John Baldessari (b. 1931, National City, California) is broadly regarded as one of contemporary art’s most influential artists. To celebrate the artist’s life and to commemorate his passing on January 2, 2020, Cirrus presents an exhibition of Baldessari prints, spanning nearly forty years. The exhibition will inaugurate Cirrus’s fiftieth anniversary year, and celebrate its long collaboration with the Los Angeles-based conceptual artist. The show opens February 8 and runs through April 14.

What I Saw: John Baldessari Prints, 1976–2015 comprises thirty prints, that capture Baldessari’s signature use of montage to combine banal images in sometimes discordant visual juxtapositions, or with unexpected text. His self-consciously populist approach, in which he employed found photographs, film stills, or photography of everyday objects, uses allegory and disjointed narrative, in sometimes obfuscating ways, and invites the viewer to construct meaning.

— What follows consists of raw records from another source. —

(* Let $G$ be a finite abelian group of even order, $S$ a symmetric generating set, and $s\in S$ such that $|G'|\ge4$ is even. (1) If $(s,t,s^{-1},t^{-1})\in\mathcal H$ for every $t\in S'$, then $\mathcal H'\subseteq\mathcal H$. (2) If $2(s,t,s^{-1},t^{-1})\in\mathcal H$ for every $t\in S'$, then $2\mathcal H'\subseteq\mathcal H$.
   Context: $X=\mathrm{Cay}(G;S)$ has vertex set $G$ and edges $\{g,gs\}$. For the chosen $s$: $S'=S\setminus\{s,s^{-1}\}$, $G'=\langle S'\rangle$, $X'=\mathrm{Cay}(G';S')$. A flow is $f:G\times S\to\mathbb Z$ with $f(v,a)=-f(va,a^{-1})$ and $\sum_af(v,a)=0$; closed walks $(t_1,\dots,t_n)$ (visiting $e,t_1,t_1t_2,\dots$) are identified with flows ($+1$ on traversed oriented edges, $-1$ on reversals). $\mathcal H$ is the subgroup of flows on $X$ generated by oriented hamiltonian cycles of $X$; $\mathcal H'$ is the subgroup of flows on $X'$ generated by oriented hamiltonian cycles of $X'$, regarded as flows on $X$ by extending by $0$. *)

theory Defs
  imports Main "HOL-Library.Function_Algebras" "HOL-Computational_Algebra.Group_Closure"
begin

text \<open>Groups are written additively: a finite abelian group is a type of class
  ab_group_add and finite; the identity e is 0, g s is g + s, s^-1 is - s.
  A flow is a function f :: 'a => 'a => int with f v a the value on the oriented
  edge (v, v + a) labelled by the generator a; outside the relevant G x S it is 0.\<close>

fun walk_flow_from :: "'a::ab_group_add \<Rightarrow> 'a list \<Rightarrow> ('a \<Rightarrow> 'a \<Rightarrow> int)" where
  "walk_flow_from v [] = (\<lambda>x a. 0)"
| "walk_flow_from v (t # ts) =
     (\<lambda>x a. (if x = v \<and> a = t then 1 else 0) - (if x = v + t \<and> a = - t then 1 else 0)
            + walk_flow_from (v + t) ts x a)"

definition walk_flow :: "'a::ab_group_add list \<Rightarrow> ('a \<Rightarrow> 'a \<Rightarrow> int)" where
  "walk_flow ts = walk_flow_from 0 ts"

text \<open>Vertices visited: e, t_1, t_1 t_2, ..., (first n, excluding the return to e).\<close>
definition walk_vertices :: "'a::ab_group_add list \<Rightarrow> 'a list" where
  "walk_vertices ts = map (\<lambda>i. sum_list (take i ts)) [0..<length ts]"

definition ham_cycle :: "'a::ab_group_add set \<Rightarrow> 'a set \<Rightarrow> 'a list \<Rightarrow> bool" where
  "ham_cycle V T ts \<longleftrightarrow> set ts \<subseteq> T \<and> sum_list ts = 0 \<and> length ts \<ge> 3 \<and>
     distinct (walk_vertices ts) \<and> set (walk_vertices ts) = V"

definition ham_flows :: "'a::ab_group_add set \<Rightarrow> 'a set \<Rightarrow> ('a \<Rightarrow> 'a \<Rightarrow> int) set" where
  "ham_flows V T = group_closure {walk_flow ts | ts. ham_cycle V T ts}"

end

(* Let k be least with k > 0 and k s in G' = <S'>, so that every element of G is uniquely
   y + j s with y in G' and j < k.  A hamiltonian cycle (t_1, ..., t_m) of X' with vertices
   v_1, ..., v_m lifts to a hamiltonian cycle of X that at each v_i runs through the column
   v_i, v_i + s, ..., v_i + (k - 1) s, upwards for even i and downwards for odd i (so m = |G'|
   must be even), and then takes the step t_i.  Modulo the ladder of squares (s, t_i, -s, -t_i)
   based at v_i + j s, the upward column at v_i equals the upward column at v_(i+1), which
   cancels against the downward column of the next block.  Hence the two flows differ by a sum
   of translated squares.  Rotating a hamiltonian cycle of X shows that H is invariant under
   translation, so the hypothesis puts all these squares, and hence every hamiltonian cycle of
   X', into H (doubled, in part (2)). *)

theory Submission
  imports Defs
begin

section \<open>Group closures and cosets\<close>

lemma group_closure_image_subset:
  assumes hom: "\<And>x y. h (x - y) = h x - h y"
    and "h ` A \<subseteq> group_closure B"
  shows "h ` group_closure A \<subseteq> group_closure B"
proof clarify
  fix x assume "x \<in> group_closure A"
  then show "h x \<in> group_closure B"
  proof induction
    case (base x)
    have "h 0 = 0"
      using hom [of 0 0] by simp
    with base assms(2) show ?case
      by auto
  next
    case (diff x y)
    then show ?case
      by (simp add: hom group_closure.diff)
  qed
qed

lemma group_closure_subsetI: "A \<subseteq> group_closure B \<Longrightarrow> group_closure A \<subseteq> group_closure B"
  using group_closure_image_subset [of id A B] by simp

lemma group_closure_subset_insert_Diff: "group_closure S \<subseteq> group_closure (insert s (S - {s, - s}))"
proof (rule group_closure_subsetI, rule subsetI)
  fix x
  assume "x \<in> S"
  then show "x \<in> group_closure (insert s (S - {s, - s}))"
    using group_closure.base [of s] group_closure.base [of x] by (cases "x = - s") auto
qed

lemma sum_in_group_closure:
  "(\<And>x. x \<in> I \<Longrightarrow> f x \<in> group_closure A) \<Longrightarrow> sum f I \<in> group_closure A"
  by (induction I rule: infinite_finite_induct) (auto intro: group_closure_add)

lemma int_scale_in_group_closure:
  fixes f :: "'a \<Rightarrow> 'b \<Rightarrow> int"
  assumes f: "f \<in> group_closure A"
  shows "(\<lambda>x y. c * f x y) \<in> group_closure A"
proof -
  have nat_scale: "(\<lambda>x y. int n * f x y) \<in> group_closure A" for n
  proof (induction n)
    case (Suc n)
    have "(\<lambda>x y. int (Suc n) * f x y) = f + (\<lambda>x y. int n * f x y)"
      by (simp add: fun_eq_iff algebra_simps)
    then show ?case
      using f Suc by (simp add: group_closure_add)
  qed (simp add: zero_fun_def [symmetric])
  show ?thesis
  proof (cases "c \<ge> 0")
    case True
    then show ?thesis
      using nat_scale [of "nat c"] by simp
  next
    case False
    have "(\<lambda>x y. c * f x y) = - (\<lambda>x y. int (nat (- c)) * f x y)"
      using False by (simp add: fun_eq_iff)
    then show ?thesis
      using nat_scale [of "nat (- c)"] by simp
  qed
qed

lemma group_closure_subset_if_translation_closed:
  assumes "0 \<in> W" and closed: "\<And>w g. w \<in> W \<Longrightarrow> g \<in> B \<Longrightarrow> w + g \<in> W \<and> w - g \<in> W"
  shows "group_closure B \<subseteq> W"
proof -
  have "\<forall>w\<in>W. w + g \<in> W \<and> w - g \<in> W" if "g \<in> group_closure B" for g
    using that
  proof induction
    case (base g)
    then show ?case
      using closed by auto
  next
    case (diff g h)
    have "w + (g - h) = (w + g) - h" "w - (g - h) = (w - g) + h" for w
      by (simp_all add: algebra_simps)
    with diff show ?case
      by metis
  qed
  with \<open>0 \<in> W\<close> show ?thesis
    by (metis add_0 subsetI)
qed

primrec nsmul :: "nat \<Rightarrow> 'a::ab_group_add \<Rightarrow> 'a" where
  "nsmul 0 a = 0"
| "nsmul (Suc n) a = a + nsmul n a"

lemma nsmul_add: "nsmul (i + j) a = nsmul i a + nsmul j a"
  by (induction i) (simp_all add: add.assoc)

lemma nsmul_diff: "j \<le> i \<Longrightarrow> nsmul i a - nsmul j a = nsmul (i - j) a"
  using nsmul_add [of "i - j" j a] by simp

lemma nsmul_uminus: "nsmul n (- a) = - nsmul n a"
  by (induction n) (simp_all add: algebra_simps)

lemma sum_list_replicate_eq_nsmul: "sum_list (replicate n a) = nsmul n a"
  by (induction n) simp_all

lemma exists_nsmul_eq_0:
  fixes a :: "'a::{ab_group_add,finite}"
  obtains n where "0 < n" "nsmul n a = 0"
proof -
  have "\<not> inj (\<lambda>n. nsmul n a)"
    using finite_imageD [of "\<lambda>n. nsmul n a" UNIV] by auto
  then obtain i j where "nsmul i a = nsmul j a" "j < i"
    unfolding inj_def by (metis linorder_neqE_nat)
  then show thesis
    using that [of "i - j"] nsmul_diff [of j i a] by simp
qed

lemma nsmul_diff_in_group_closure_imp_eq:
  assumes least: "\<And>i. 0 < i \<Longrightarrow> i < k \<Longrightarrow> nsmul i s \<notin> group_closure A"
    and "j < k" "j' < k" "nsmul j s - nsmul j' s \<in> group_closure A"
  shows "j = j'"
proof -
  have "j = j'" if "j' \<le> j" "j < k" "nsmul j s - nsmul j' s \<in> group_closure A" for j j'
    using least [of "j - j'"] that nsmul_diff [of j' j s] by (cases "j' < j") auto
  moreover have "nsmul j' s - nsmul j s \<in> group_closure A"
    using assms(4) group_closure_minus_iff by (metis minus_diff_eq)
  ultimately show ?thesis
    using assms(2-4) by (metis nat_le_linear)
qed

definition coset_segment :: "'a::ab_group_add set \<Rightarrow> 'a \<Rightarrow> nat \<Rightarrow> 'a set" where
  "coset_segment A s k = {y + nsmul j s | y j. y \<in> group_closure A \<and> j < k}"

lemma coset_segment_step:
  assumes "0 < k" and k_mem: "nsmul k s \<in> group_closure A"
    and "w \<in> coset_segment A s k" and "g \<in> insert s A"
  shows "w + g \<in> coset_segment A s k \<and> w - g \<in> coset_segment A s k"
proof -
  have memI: "y + nsmul j s \<in> coset_segment A s k" if "y \<in> group_closure A" "j < k" for y j
    using that unfolding coset_segment_def by blast
  obtain y j where y: "y \<in> group_closure A" and j: "j < k" and w: "w = y + nsmul j s"
    using \<open>w \<in> coset_segment A s k\<close> coset_segment_def by blast
  have "w + s \<in> coset_segment A s k"
  proof (cases "Suc j < k")
    case True
    then show ?thesis
      using memI [OF y, of "Suc j"] w by (simp add: add_ac)
  next
    case False
    then have "k = Suc j"
      using j by simp
    then have "w + s = (y + nsmul k s) + nsmul 0 s"
      using w by (simp add: add_ac)
    then show ?thesis
      using memI [of "y + nsmul k s" 0] y k_mem \<open>0 < k\<close> by (simp add: group_closure_add)
  qed
  moreover have "w - s \<in> coset_segment A s k"
  proof (cases j)
    case 0
    then have "w - s = (y - nsmul k s) + nsmul (k - 1) s"
      using w \<open>0 < k\<close> nsmul_diff [of 1 k s] by (simp add: algebra_simps)
    then show ?thesis
      using memI [of "y - nsmul k s" "k - 1"] y k_mem \<open>0 < k\<close> by (simp add: group_closure.diff)
  next
    case (Suc i)
    then show ?thesis
      using memI [OF y, of i] w j by (simp add: algebra_simps)
  qed
  moreover have "w + a \<in> coset_segment A s k" "w - a \<in> coset_segment A s k" if "a \<in> A" for a
    using memI [of "y + a" j] memI [of "y - a" j] y j w that
    by (simp_all add: group_closure_add group_closure.diff group_closure.base algebra_simps)
  ultimately show ?thesis
    using \<open>g \<in> insert s A\<close> by blast
qed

The exhibition includes several important portfolios and individual works produced in collaboration with Cirrus. Raw Prints (1976) includes six works with tipped-in color photographs of everyday street scenes taken by the artist at a shopping mall in Santa Monica. Baldessari inserts fragments of the image into the larger frame of the print, prefiguring his decades-long strategy of incomplete visual narrative and interactive authorship. The Fallen Easel (1988), an ambitious and unpredictable, multi-part composition of individually-framed and mounted images takes on a noir cast as the picture physically breaks apart, suggesting a rapid, chaotic cutting of film stills. Baldessari’s humor is also on display—The First $100,000 I Ever Made (2012), and two prints from Engravings with Sounds (2015) showcase his signature wit, while the major portfolio of ten prints, Hegel’s Cellar (1986), and his Cliché (1985) series, explore his biting insight.

Internationally recognized and widely exhibited, Baldessari addressed the social and cultural impact of mass culture, and reinvented the terms of display and image-making throughout his career. He received his Bachelor of Arts in 1953 at San Diego State College. He studied art history at UC Berkeley and received his MFA in painting from San Diego State College. He did post-graduate work at Chouinard and UCLA, and taught at CalArts (1970–1988) and at UCLA (1996–2007). His catalog raisonné is published by Yale. He mentored generations of students, and was a pivotal presence in the arts in Los Angeles. Cirrus honors his legacy and celebrates a decades-long collaboration with the artist on multiple projects, in this exhibition that reconsiders his sharp wit and acute vision, and marks an important milestone in the history of the publisher and gallery.